East Asian Genome-wide association study derived loci in relation to type 2 diabetes in the Han Chinese population
Abstract
Meta-analysis of GWAS in East Asian populations had established 10 loci that were associated with type 2 diabetes. Eight of them were with genome-wide significance and two with a border line association. Since these data have not been studied in an independent Han Chinese population, we aimed to investigate the association of these susceptibility loci with type 2 diabetes in an independent Han Chinese population. We executed a case-control study in 2 000 Chinese by the SNPscan method. Firstly, the repetitive sequences of 10 loci were assessed. Next, we investigated the association of 8 SNPs out of 10 with type 2 diabetes and constructed the GRS of those 8 SNPs. Finally, the relationship of the 8 loci and diabetes-related traits was analyzed. Based on the fact, that highly repetitive sequences were detected in 2 SNPs, we investigated the remaining 8 SNPs. With the exception of four SNPs (CMIP rs16955379, PEPD rs3786897, PSMD6 rs831571, ZFAND3 rs9470794), the other SNPs had the same direction of effect (odds ratio [OR]>1.0) as in the original reports, especially GLIS3 rs7041847 and KCNK16 rs1535500 were significantly associated with type 2 diabetes (rs1535500: p=0.005, OR=1.224, 95% CI 1.062–1.409; rs7041847: p=0.035, OR=1.118, 95% CI 1.070–1.388).
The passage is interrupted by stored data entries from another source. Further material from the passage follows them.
(* Let $\xi$ be a model with $\xi(1)=1$ which is not of the form $\xi(t)=at^2$. Then $\xi$ has non-negative replicon eigenvalue and is pure-like or critical if and only if $$\frac{\xi''(1)}{\xi'(1)}\le y_\xi\le\frac{\xi'(1)}{\xi''(0)}.$$
   Context: A model is $\xi(t)=\sum_{p\ge2}\beta_p^2t^p$, real $\beta_p$ not all zero, with $\xi(1+\epsilon)<\infty$ for some $\epsilon>0$. For $\xi$ not of the form $at^2$, $y_\xi$ is the unique $y\in(1,\infty)$ with $\frac{\xi(1)}{\xi'(1)}=\frac1{y-1}\big(\frac{y}{y-1}\log y-1\big)$; the convention $\xi'(1)/0=+\infty$ is used if $\xi''(0)=0$. The system $\xi(1)=\frac1m(\frac1m\log\frac{c+m}c-\frac1{c+m})$, $\frac1{\xi'(1)}=c(c+m)$ has a unique solution $m,c>0$; with $\phi(t)=m(1-t)+c$ and formal conjugate $\eta(t)=\xi(1)-\int_t^1\int_0^s\phi^{-2}d\tau ds$, the replicon eigenvalue is $\eta''(0)-\xi''(0)$. With $\nu'=\xi'(1),\nu''=\xi''(1)$, $ABA=\log(\nu''/\nu')-\frac{(\nu''-\nu')(\nu''-\nu'+\nu'^2)}{\nu''\nu'^2}$; pure-like means $ABA>0$, critical means $ABA=0$. *)

theory Defs
  imports "HOL-Analysis.Analysis"
begin

definition is_model :: "(nat \<Rightarrow> real) \<Rightarrow> bool" where
  "is_model beta \<longleftrightarrow> (\<exists>p\<ge>2. beta p \<noteq> 0) \<and>
     (\<exists>\<epsilon>>0. summable (\<lambda>p. (if 2 \<le> p then (beta p)^2 * (1 + \<epsilon>)^p else 0)))"

definition xi :: "(nat \<Rightarrow> real) \<Rightarrow> real \<Rightarrow> real" where
  "xi beta t = (\<Sum>p. (if 2 \<le> p then (beta p)^2 * t^p else 0))"

definition xi1 :: "(nat \<Rightarrow> real) \<Rightarrow> real \<Rightarrow> real" where
  "xi1 beta = deriv (xi beta)"

definition xi2 :: "(nat \<Rightarrow> real) \<Rightarrow> real \<Rightarrow> real" where
  "xi2 beta = deriv (deriv (xi beta))"

definition y_xi :: "(nat \<Rightarrow> real) \<Rightarrow> real" where
  "y_xi beta = (THE y. 1 < y \<and>
      xi beta 1 / xi1 beta 1 = (1 / (y - 1)) * ((y / (y - 1)) * ln y - 1))"

definition mc :: "(nat \<Rightarrow> real) \<Rightarrow> real \<times> real" where
  "mc beta = (THE (m, c). 0 < m \<and> 0 < c \<and>
      xi beta 1 = (1 / m) * ((1 / m) * ln ((c + m) / c) - 1 / (c + m)) \<and>
      1 / xi1 beta 1 = c * (c + m))"

definition phi :: "(nat \<Rightarrow> real) \<Rightarrow> real \<Rightarrow> real" where
  "phi beta t = fst (mc beta) * (1 - t) + snd (mc beta)"

definition eta :: "(nat \<Rightarrow> real) \<Rightarrow> real \<Rightarrow> real" where
  "eta beta t = xi beta 1 -
     (LBINT s=t..1. (LBINT \<tau>=0..s. 1 / (phi beta \<tau>)^2))"

definition replicon :: "(nat \<Rightarrow> real) \<Rightarrow> real" where
  "replicon beta = deriv (deriv (eta beta)) 0 - xi2 beta 0"

definition ABA :: "(nat \<Rightarrow> real) \<Rightarrow> real" where
  "ABA beta = (let n1 = xi1 beta 1; n2 = xi2 beta 1 in
     ln (n2 / n1) - ((n2 - n1) * (n2 - n1 + n1^2)) / (n2 * n1^2))"

definition pure_like :: "(nat \<Rightarrow> real) \<Rightarrow> bool" where
  "pure_like beta \<longleftrightarrow> ABA beta > 0"

definition critical :: "(nat \<Rightarrow> real) \<Rightarrow> bool" where
  "critical beta \<longleftrightarrow> ABA beta = 0"

end

theory Submission
  imports Defs "HOL-Real_Asymp.Real_Asymp"
begin

text \<open>Let F(y) = yfun y = (1/(y - 1)) ((y/(y - 1)) ln y - 1), so that y_xi is the
  solution of F(y) = 1/xi'(1) in (1, oo); F decreases strictly from 1/2 to 0 there.
  The substitution y = (c + m)/c turns the system defining (m, c) into
  F(y) = c (c + m) = 1/xi'(1), hence y = y_xi and phi(0)^2 = (c + m)^2 = y_xi/xi'(1).
  Since eta''(0) = phi(0)^-2, the replicon eigenvalue is xi'(1)/y_xi - xi''(0).
  On the other hand ABA = (nu'' - nu')^2/(nu' nu'') (F(nu''/nu') - 1/nu'), so by monotonicity
  of F, ABA >= 0 iff nu''/nu' <= y_xi. All this is meaningful because a model that is not
  quadratic has a positive coefficient of degree at least 3, whence xi'(1) > 2 xi(1) = 2
  and xi''(1) > xi'(1).\<close>

lemma deriv_powser:
  fixes c :: "nat \<Rightarrow> 'a::{real_normed_field,banach}"
  assumes "\<And>x. norm x < K \<Longrightarrow> summable (\<lambda>n. c n * x ^ n)" and "norm z < K"
  shows "deriv (\<lambda>x. \<Sum>n. c n * x ^ n) z = (\<Sum>n. diffs c n * z ^ n)"
  using termdiffs_strong'[OF assms] by (rule DERIV_imp_deriv)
The GRS constructed from the 8 SNPs was significantly associated with type 2 diabetes in the Chinese population (p=0.004, OR=1.065, 95% CI: 1.021–1.111). Among the participants with 24≤BMI<28 kg/m2 the 8 SNPs were significantly associated with type 2 diabetes (p=0.040, OR=1.079, 95% CI: 1.003–1.160). In quantitative trait analyses, WWOX rs17797882 was associated with decreased HOMA-β and increased level of TG and HDL-Ch, while PEPD rs3786897 and MAEA rs6815464 were associated with decreased fasting plasma glucose, and KCNK16 rs1535500 has shown a significant association with increased T-Ch and PSMD6 rs831571 had a significant association with decreased HDL-Ch. In Conclusion, with high probability the 8 loci identified in the East Asian GWAS meta-analysis are associated with type 2 diabetes in the Han Chinese population.
References
Sakai, K., Imamura, M., Tanaka, Y., Iwata, M., Hirose, H., Kaku, K.Maeda, S. (2013). Replication Study for the Association of 9 East Asian GWAS-Derived Loci with Susceptibility to Type 2 Diabetes in a Japanese Population. PLoS One, 8(9), [e76317]. DOI: 10.1371/journal.pone.0076317 https://doi.org/10.1371/journal.pone.0076317
Xu Y, Wang L, He J, Bi Y, Li M, Wang T, Wang L, Jiang Y, Dai M, Lu J, Xu M, Li Y, Hu N, Li J, Mi S, Chen C, Li G, Mu Y, Zhao J, Kong L, Chen J, Lai S, Wang W, Zhao W, Ning G, for the 2010 China Noncommunicable Disease Surveillance Group. Prevalence and Control of Diabetes in Chinese Adults. JAMA.2013; 310 (9):948–959. 10.1001/jama.2013.168118.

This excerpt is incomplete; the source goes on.